The ChIP-Seq programs use SGA (Simple Genome Annotation) files as INPUT and OUTPUT. SGA files are used to represent ChIP-Seq data as well as other genome annotations such as the location of TSSs or matches to consensus sequences.
SGA is a single-line-oriented and tab-delimited format with the following five
required fields:
Any number of additional fields may be added containing application-specific information.
Here are some example records:
|
Chip-seq programs require SGA files to be sorted by chromosome name, position and strand.
As a rule of thumb, use the following UNIX command to sort SGA files:
setenv LANG C; sort -s -k1,1 -k3,3n -k4,4
or in Bash environment:export LANG=C; sort -s -k1,1 -k3,3n -k4,4
Tag counts for a particular chromosome/position/strand combination may be distributed over several lines. For instance:NC_000001.9 stim 559778 + 2Could be represented by two lines:
NC_000001.9 stim 559778 + 1 NC_000001.9 stim 559778 + 1
SGA is a generic format that can be used for representation of other experimental data as well as genome annotations. The ChIP-Seq server offers a rich collection of public data sets from ladmark experiments, which have been widely used by the bioinformatics community for benchmarking and testing new algorithms. These collections include mass genome annotation data such as CAGE and DBTSS, or even non-experimental annotations such as cross-genome conservation scores.
The SGA format differs in one very important aspect from similar formats such as BED or GFF. It is required to be sorted by genome positions. The fact that ChIP-Seq programs operate on sorted input files enables them to generate results in one sweep through the genome. We support data upload in SGA, FPS, BED, GFF and BAM formats. FPS is the specific format used by the Signal Search Analysis server, a motif discovery platform developed by our group. Both the ChIP-Seq and Signal Search Analysis servers use RefSeq IDs including version numbers for internal representation (Figure 1).

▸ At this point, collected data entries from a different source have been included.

lemma delta_derivative_continuous:
  assumes der: "has_delta_derivative TS f D t" and t: "t \<in> TS" and \<gamma>: "\<gamma> > 0"
  shows "\<exists>\<delta>>0. \<forall>s\<in>TS. \<bar>s - t\<bar> < \<delta> \<longrightarrow> \<bar>f t - f s\<bar> \<le> \<gamma>"
proof -
  define \<sigma> where "\<sigma> = fwd_jump TS t"
  define m where "m = \<bar>\<sigma> - t\<bar>"
  have m0: "m \<ge> 0" unfolding m_def by simp
  define e where "e = \<gamma> / (2 * (2 * m + 1))"
  have e0: "e > 0" unfolding e_def using \<gamma> m0 by simp
  then obtain \<delta> where \<delta>: "\<delta> > 0" and approx: "\<forall>s\<in>TS. \<bar>s - t\<bar> < \<delta> \<longrightarrow>
        \<bar>f \<sigma> - f s - D * (\<sigma> - s)\<bar> \<le> e * \<bar>\<sigma> - s\<bar>"
    using der unfolding has_delta_derivative_def \<sigma>_def by blast
  define \<delta>' where "\<delta>' = min \<delta> (min 1 (\<gamma> / (2 * (\<bar>D\<bar> + 1))))"
  have "\<bar>f t - f s\<bar> \<le> \<gamma>" if s: "s \<in> TS" "\<bar>s - t\<bar> < \<delta>'" for s
  proof -
    have near: "\<bar>s - t\<bar> < \<delta>" "\<bar>s - t\<bar> < 1" "\<bar>s - t\<bar> < \<gamma> / (2 * (\<bar>D\<bar> + 1))"
      using s \<delta>'_def by auto
    have at_s: "\<bar>f \<sigma> - f s - D * (\<sigma> - s)\<bar> \<le> e * (m + 1)"
    proof -
      have "\<bar>\<sigma> - s\<bar> \<le> m + 1" using near(2) unfolding m_def by linarith
      thus ?thesis using approx s near(1) e0 by (meson mult_left_mono less_imp_le order_trans)
    qed
    have at_t: "\<bar>f \<sigma> - f t - D * (\<sigma> - t)\<bar> \<le> e * m"
      using approx t \<delta> unfolding m_def by auto
    have linear: "\<bar>D * (t - s)\<bar> \<le> \<gamma> / 2"
    proof -
      have "\<bar>D * (t - s)\<bar> \<le> (\<bar>D\<bar> + 1) * (\<gamma> / (2 * (\<bar>D\<bar> + 1)))"
        unfolding abs_mult using near(3) by (intro mult_mono) auto
      also have "\<dots> = \<gamma> / 2" using abs_ge_zero[of D] by (simp add: divide_simps)
      finally show ?thesis .
    qed
    have "e * (m + 1) + e * m = e * (2 * m + 1)" by (simp add: algebra_simps)
    also have "\<dots> = \<gamma> / 2"
    proof -
      have "2 * m + 1 \<noteq> 0" using m0 by linarith
      thus ?thesis unfolding e_def by (simp add: field_simps)
    qed
    finally have "e * (m + 1) + e * m = \<gamma> / 2" .
    moreover have "f t - f s = (f \<sigma> - f s - D * (\<sigma> - s)) - (f \<sigma> - f t - D * (\<sigma> - t)) + D * (t - s)"
      by (simp add: algebra_simps)
    ultimately show ?thesis using at_s at_t linear by linarith
  qed
  moreover have "\<delta>' > 0" unfolding \<delta>'_def using \<delta> \<gamma> by simp
  ultimately show ?thesis by blast
qed

section \<open>The induction principle on time scales\<close>

lemma time_scale_step_from_past:
  fixes TS :: "real set" and P :: "real \<Rightarrow> bool"
  assumes closed: "closed TS" and min: "t0 \<in> TS" "\<forall>t\<in>TS. t0 \<le> t"
    and start: "P t0"
    and right_scattered: "\<And>t. t \<in> TS \<Longrightarrow> t < fwd_jump TS t \<Longrightarrow> P t \<Longrightarrow> P (fwd_jump TS t)"
    and left_dense: "\<And>t. t \<in> TS \<Longrightarrow> t0 < t \<Longrightarrow> (\<And>s. s \<in> TS \<Longrightarrow> s < t \<Longrightarrow> P s) \<Longrightarrow>
                        (\<And>\<delta>. \<delta> > 0 \<Longrightarrow> \<exists>s\<in>TS. t - \<delta> < s \<and> s < t) \<Longrightarrow> P t"
    and a: "a \<in> TS" and past: "\<And>s. s \<in> TS \<Longrightarrow> s < a \<Longrightarrow> P s"
  shows "P a"
proof (cases "a = t0")
  case True
  then show ?thesis using start by simp
next
  case False
  hence a_pos: "t0 < a" using min a by force
  define L where "L = {s\<in>TS. s < a}"
  define p where "p = Sup L"
  have L_ne: "L \<noteq> {}" using min a_pos L_def by auto
  have L_bdd: "bdd_above L" unfolding L_def bdd_above_def by (auto intro: less_imp_le)
  have below_p: "s \<le> p" if "s \<in> L" for s
    unfolding p_def using cSup_upper[OF that L_bdd] .
  have p_le: "p \<le> a" unfolding p_def using L_ne L_def by (auto intro!: cSup_least)
  have p_TS: "p \<in> TS"
  proof -
    have "p \<in> closure L" unfolding p_def using closure_contains_Sup[OF L_ne L_bdd] .
    moreover have "closure L \<subseteq> TS" using closure_minimal[of L TS] closed L_def by auto
    ultimately show ?thesis by blast
  qed
  show ?thesis
  proof (cases "p < a")
    case True
    \<comment> \<open>The predecessor \<open>p\<close> of \<open>a\<close> is right-scattered and jumps to \<open>a\<close>.\<close>
    have "fwd_jump TS p = a"
      unfolding fwd_jump_def
    proof (rule cInf_eq_minimum)
      show "a \<in> {s \<in> TS. s > p}" using a True by simp
      fix s assume s: "s \<in> {s \<in> TS. s > p}"
      show "a \<le> s"
      proof (rule ccontr)
        assume "\<not> a \<le> s"
        hence "s \<in> L" using s L_def by simp
        thus False using below_p s by fastforce
      qed
    qed
    then show ?thesis using right_scattered[OF p_TS] past[OF p_TS True] True by simp
  next
    case False
    \<comment> \<open>Otherwise \<open>a\<close> is approached from the left, i.e. left-dense.\<close>
    have "\<exists>s\<in>TS. a - \<delta> < s \<and> s < a" if "\<delta> > 0" for \<delta>
    proof -
      have "a - \<delta> < Sup L" using False p_le that unfolding p_def by simp
      then obtain s where "s \<in> L" "a - \<delta> < s" using less_cSupD[OF L_ne] by blast
      thus ?thesis unfolding L_def by blast
    qed
    then show ?thesis using left_dense[OF a a_pos past] by blast
  qed
qed

text \<open>The proof considers the infimum of the set of failures.\<close>
lemma time_scale_induction:
  fixes TS :: "real set" and P :: "real \<Rightarrow> bool"
  assumes closed: "closed TS" and min: "t0 \<in> TS" "\<forall>t\<in>TS. t0 \<le> t"
    and start: "P t0"
    and right_scattered: "\<And>t. t \<in> TS \<Longrightarrow> t < fwd_jump TS t \<Longrightarrow> P t \<Longrightarrow> P (fwd_jump TS t)"
    and right_dense: "\<And>t. t \<in> TS \<Longrightarrow> fwd_jump TS t = t \<Longrightarrow> P t \<Longrightarrow>
                        \<exists>\<delta>>0. \<forall>s\<in>TS. t < s \<and> s < t + \<delta> \<longrightarrow> P s"
    and left_dense: "\<And>t. t \<in> TS \<Longrightarrow> t0 < t \<Longrightarrow> (\<And>s. s \<in> TS \<Longrightarrow> s < t \<Longrightarrow> P s) \<Longrightarrow>
                        (\<And>\<delta>. \<delta> > 0 \<Longrightarrow> \<exists>s\<in>TS. t - \<delta> < s \<and> s < t) \<Longrightarrow> P t"
  shows "\<forall>t\<in>TS. P t"
proof (rule ccontr)
  define B where "B = {t\<in>TS. \<not> P t}"
  define a where "a = Inf B"
  assume "\<not> ?thesis"
  hence B_ne: "B \<noteq> {}" unfolding B_def by auto
  have B_bdd: "bdd_below B" unfolding B_def bdd_below_def using min by auto
  have a_le: "a \<le> b" if "b \<in> B" for b unfolding a_def using cInf_lower[OF that B_bdd] .
  have a_TS: "a \<in> TS"
  proof -
    have "a \<in> closure B" unfolding a_def using closure_contains_Inf[OF B_ne B_bdd] .
    moreover have "closure B \<subseteq> TS" using closure_minimal[of B TS] closed B_def by auto
    ultimately show ?thesis by blast
  qed
  have past: "P s" if s: "s \<in> TS" "s < a" for s
  proof (rule ccontr)
    assume "\<not> P s"
    hence "s \<in> B" using s B_def by simp
    thus False using a_le s by fastforce
  qed
  have Pa: "P a"
    using time_scale_step_from_past[OF closed min start right_scattered left_dense a_TS past] .
  have B_above: "b \<in> TS \<and> a < b" if b: "b \<in> B" for b
    using a_le[OF b] b Pa unfolding B_def by (auto simp: order_le_less)
  \<comment> \<open>Failures accumulate at \<open>a\<close> from the right, so \<open>a\<close> is right-dense.\<close>
  have "fwd_jump TS a = a"
  proof (rule antisym)
    have "B \<subseteq> {s\<in>TS. s > a}" using B_above by blast
    moreover have "bdd_below {s\<in>TS. s > a}" unfolding bdd_below_def by (auto intro: less_imp_le)
    ultimately have "Inf {s\<in>TS. s > a} \<le> Inf B" using cInf_superset_mono[OF B_ne] by blast
    thus "fwd_jump TS a \<le> a" unfolding fwd_jump_def a_def .
    have "{s\<in>TS. s > a} \<noteq> {}" using B_ne B_above by blast
    thus "a \<le> fwd_jump TS a" unfolding fwd_jump_def by (intro cInf_greatest) auto
  qed
  then obtain \<delta> where \<delta>: "\<delta> > 0" and good: "\<forall>s\<in>TS. a < s \<and> s < a + \<delta> \<longrightarrow> P s"
    using right_dense[OF a_TS _ Pa] by blast
  have "a + \<delta> \<le> b" if b: "b \<in> B" for b
  proof (rule ccontr)
    assume "\<not> a + \<delta> \<le> b"
    hence "P b" using good B_above[OF b] by simp
    thus False using b B_def by simp
  qed
  hence "a + \<delta> \<le> a" unfolding a_def using B_ne by (intro cInf_greatest) auto
  thus False using \<delta> by simp
qed

section \<open>A comparison principle for \<open>v\<^sup>\<Delta> = -c (v - w)\<close>\<close>

text \<open>Near a right-dense point the perturbed barrier \<open>-\<epsilon> (1 + t)\<close> cannot be crossed:
  either \<open>v\<close> is nondecreasing to first order there, or \<open>v\<close> is strictly positive.\<close>
lemma barrier_right_dense:
  fixes v w :: "real \<Rightarrow> real"
  assumes der: "has_delta_derivative TS v (- (c * (v a - w a))) a"
    and rd: "fwd_jump TS a = a" and c: "c \<ge> 0" and w: "w a \<ge> 0"
    and \<epsilon>: "\<epsilon> > 0" and a0: "a \<ge> 0" and va: "v a \<ge> - \<epsilon> * (1 + a)"
  shows "\<exists>\<delta>>0. \<forall>s\<in>TS. a < s \<and> s < a + \<delta> \<longrightarrow> v s \<ge> - \<epsilon> * (1 + s)"
proof -
  define D where "D = - (c * (v a - w a))"
  obtain \<delta> where \<delta>: "\<delta> > 0" and approx: "\<forall>s\<in>TS. \<bar>s - a\<bar> < \<delta> \<longrightarrow>
        \<bar>v a - v s - D * (a - s)\<bar> \<le> \<epsilon> * \<bar>a - s\<bar>"
    using der \<epsilon> unfolding has_delta_derivative_def rd D_def by blast
  have first_order: "v s \<ge> v a + D * (s - a) - \<epsilon> * (s - a)"
    if "s \<in> TS" "a < s" "s < a + \<delta>" for s
    using approx that by (auto simp: algebra_simps abs_le_iff)
  show ?thesis
  proof (cases "D \<ge> 0")
    case True
    have "v s \<ge> - \<epsilon> * (1 + s)" if s: "s \<in> TS" "a < s \<and> s < a + \<delta>" for s
    proof -
      have "D * (s - a) \<ge> 0" using True s by simp
      thus ?thesis using first_order[of s] s va by (simp add: algebra_simps)
    qed
    then show ?thesis using \<delta> by blast
  next
    case False
    hence "c * (v a - w a) > 0" unfolding D_def by simp
    hence "v a > w a" using c by (simp add: zero_less_mult_iff)
    hence v_pos: "v a > 0" using w by linarith
    define \<delta>' where "\<delta>' = min \<delta> (v a / (- D))"
    have "v s \<ge> - \<epsilon> * (1 + s)" if s: "s \<in> TS" "a < s \<and> s < a + \<delta>'" for s
    proof -
      have "s - a < v a / (- D)"
        using s min.cobounded2[of \<delta> "v a / (- D)"] unfolding \<delta>'_def by linarith
      hence "(- D) * (s - a) < v a" using False by (simp add: field_simps)
      moreover have "s < a + \<delta>"
        using s min.cobounded1[of \<delta> "v a / (- D)"] unfolding \<delta>'_def by linarith
      ultimately have "v s \<ge> - \<epsilon> * (s - a)" using first_order[of s] s by linarith
      moreover have "\<epsilon> * (1 + a) \<ge> 0" using \<epsilon> a0 by simp
      ultimately show ?thesis by (simp add: algebra_simps)
    qed
    moreover have "\<delta>' > 0"
      unfolding \<delta>'_def using \<delta> v_pos False by (simp add: divide_pos_neg)
    ultimately show ?thesis by blast
  qed
qed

In a data analysis pipeline, the SGA file is typically generated from a variety of richer formats, such as the Solexa genome mapping files, BED (Browser Extensible Data) files, GFF (Generic Feature Format) or BAM (Binary Alignment/Map) files.
It is also interconvertible with the FPS (Functional Position Set) format used by our Signal Search Analysis programs (SSA).
SGA may also be converted on output into other formats, in particular BED or WIG (Wiggle Track Format) formats for data visualization, and FPS for sequence extraction.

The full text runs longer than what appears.